I decided to go with 3 as the process is straightforward enough.

Deployment

Functions can be easily deployed via gcloud command line utility. Depending on the use-case, a number of arguments can be set. In this specific case, it is pretty important to set:

  • --set-env-vars: set environment variables needed by the script to run properly
    • JOB_SHEET_ID: id of the google sheet that will store the parsed job listings.
    • SHEET_NAME: worksheet name of the spreadsheet mentioned above
    • GOOGLE_AUTH_KEY: name of the file storing Google API keys. When run locally, this pointed to a file in the script folder. In cloud function this variable will point to the right file in the storage bucket.
  • --no-allow-unauthenticated: this argument prevents the function from being invoked from the outside world. It is particularly critical as it will ensure I won’t incur in any billing generated by fraudulent activity. This has been the aspect that I’ve struggled to understand the most as I kept finding different authentication approaches. After asking a question on stackoverflow, I have decided to stick with the approach described in this post as it relies on gcp service accounts and doesn’t require to implement auth flows in the function.
  • --timeout: it is safe to set it a tad longer than the average function run time as execution will be killed if it exceeds timeout (default is 30s). It is worth pointing out that Cloud Functions have an execution time limit of 9 minutes.
gcloud functions deploy so-parse \
    --memory 128MB \
    --runtime python37 \
    --entry-point main \
    --source https://source.developers.google.com/projects/your-project/repos/repo-name/path/to/function \
    --timeout 300 \
    --set-env-vars JOB_SHEET_ID="your-ghseet-id" \
    --set-env-vars SHEET_NAME="worksheet-name" \
    --set-env-vars GOOGLE_AUTH_KEY="json-file-with-google-auth-keys.json" \
    --trigger-http \
    --no-allow-unauthenticated

In order to automatically run the function at set intervals, it is possible to rely on Cloud Scheduler. The main logic is to set up a cron job that will fire a GET request to the function’s trigger url at a given interval.
Before setting the cron job up we need to create a service account and make sure it has the right permissions to invoke Cloud Functions.

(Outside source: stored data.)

lemma funpow_not_fixed_below_pow2:
  assumes period: "(g ^^ 2^e) a = a" and half: "0 < e \<Longrightarrow> (g ^^ 2^(e-1)) a \<noteq> a"
    and d: "0 < d" "d < 2^e"
  shows "(g ^^ d) a \<noteq> a"
proof
  assume "(g ^^ d) a = a"
  define P where "P p \<longleftrightarrow> 0 < p \<and> (g ^^ p) a = a" for p
  define p where "p = (LEAST p. P p)"
  have "P d" using d \<open>(g ^^ d) a = a\<close> unfolding P_def by simp
  then have p: "0 < p" "(g ^^ p) a = a" and "p \<le> d"
    using LeastI[of P d] Least_le[of P d] unfolding p_def P_def by simp_all
  have "(g ^^ (2^e mod p)) a = a"
    using funpow_mod_eq[OF p(2)] period by simp
  moreover have "\<not> P (2^e mod p)"
    using not_less_Least[of "2^e mod p" P] p(1) unfolding p_def[symmetric] by simp
  ultimately have "p dvd 2^e" unfolding P_def by (simp add: dvd_eq_mod_eq_0)
  then obtain i where i: "i \<le> e" "p = 2^i"
    using divides_primepow_nat[OF two_is_prime_nat] by blast
  with \<open>p \<le> d\<close> d have "i < e" by (metis le_less_trans le_neq_implies_less nat_less_le)
  then have "2^(e-1) mod p = 0"
    using i(2) by (simp add: le_imp_power_dvd flip: dvd_eq_mod_eq_0)
  then have "(g ^^ 2^(e-1)) a = a"
    using funpow_mod_eq[OF p(2), of "2^(e-1)"] by simp
  with half \<open>i < e\<close> show False by simp
qed

lemma range_funpow_periodic:
  assumes "(g ^^ p) a = a" "0 < p"
  shows "range (\<lambda>i. (g ^^ i) a) = (\<lambda>i. (g ^^ i) a) ` {..<p}"
proof (intro equalityI subsetI)
  fix t assume "t \<in> range (\<lambda>i. (g ^^ i) a)"
  then obtain i where "t = (g ^^ i) a" by blast
  then have "t = (g ^^ (i mod p)) a" using funpow_mod_eq[OF assms(1)] by simp
  with assms(2) show "t \<in> (\<lambda>i. (g ^^ i) a) ` {..<p}" by simp
qed blast

lemma is_cycle_eq_range:
  assumes "is_cycle g T" "y \<in> T"
  shows "T = range (\<lambda>i. (g ^^ i) y)"
proof -
  obtain z where z: "(g ^^ card T) z = z" "T = (\<lambda>i. (g ^^ i) z) ` {..<card T}"
    using assms(1) unfolding is_cycle_def by blast
  have "0 < card T" using assms(1) unfolding is_cycle_def by auto
  with z have T: "T = range (\<lambda>i. (g ^^ i) z)" using range_funpow_periodic by metis
  obtain i where i: "i < card T" "y = (g ^^ i) z" using assms(2) z(2) by auto
  have zy: "(g ^^ j) z = (g ^^ (j + (card T - i))) y" for j
  proof -
    have "(g ^^ j) z = (g ^^ (j + card T)) z"
      using z(1) by (simp add: funpow_add)
    also have "j + card T = (j + (card T - i)) + i"
      using i(1) by simp
    finally show ?thesis
      unfolding i(2) by (simp only: funpow_add comp_apply)
  qed
  have yz: "(g ^^ j) y = (g ^^ (j + i)) z" for j
    using i(2) by (simp add: funpow_add)
  show ?thesis
    unfolding T
  proof (intro equalityI subsetI)
    fix t assume "t \<in> range (\<lambda>j. (g ^^ j) z)"
    then obtain j where "t = (g ^^ j) z" by blast
    then show "t \<in> range (\<lambda>j. (g ^^ j) y)" using zy rangeI by metis
  next
    fix t assume "t \<in> range (\<lambda>j. (g ^^ j) y)"
    then obtain j where "t = (g ^^ j) y" by blast
    then show "t \<in> range (\<lambda>j. (g ^^ j) z)" using yz rangeI by metis
  qed
qed

definition fiber :: "nat \<Rightarrow> nat \<Rightarrow> int \<Rightarrow> int set" where
  "fiber N K a = {b \<in> {0..<2^N}. b mod 2^K = a mod 2^K}"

gcloud iam service-accounts create cloud-scheduler
gcloud functions add-iam-policy-binding \
    --member=serviceAccount:cloud-scheduler@your-project.iam.gserviceaccount.com \
    --role=roles/cloudfunctions.invoker so-parse
gcloud scheduler jobs create http stack-scrape \
    --schedule="*/3 * * * *" \
    --uri=https://your-func-trigger-url \
    --oidc-service-account-email=cloud-scheduler@your-project.iam.gserviceaccount.com 

To confirm that everything went according to plan I quickly peeked a the logs after waiting for a few minutes (to be sure the function actually had the time to run at least once).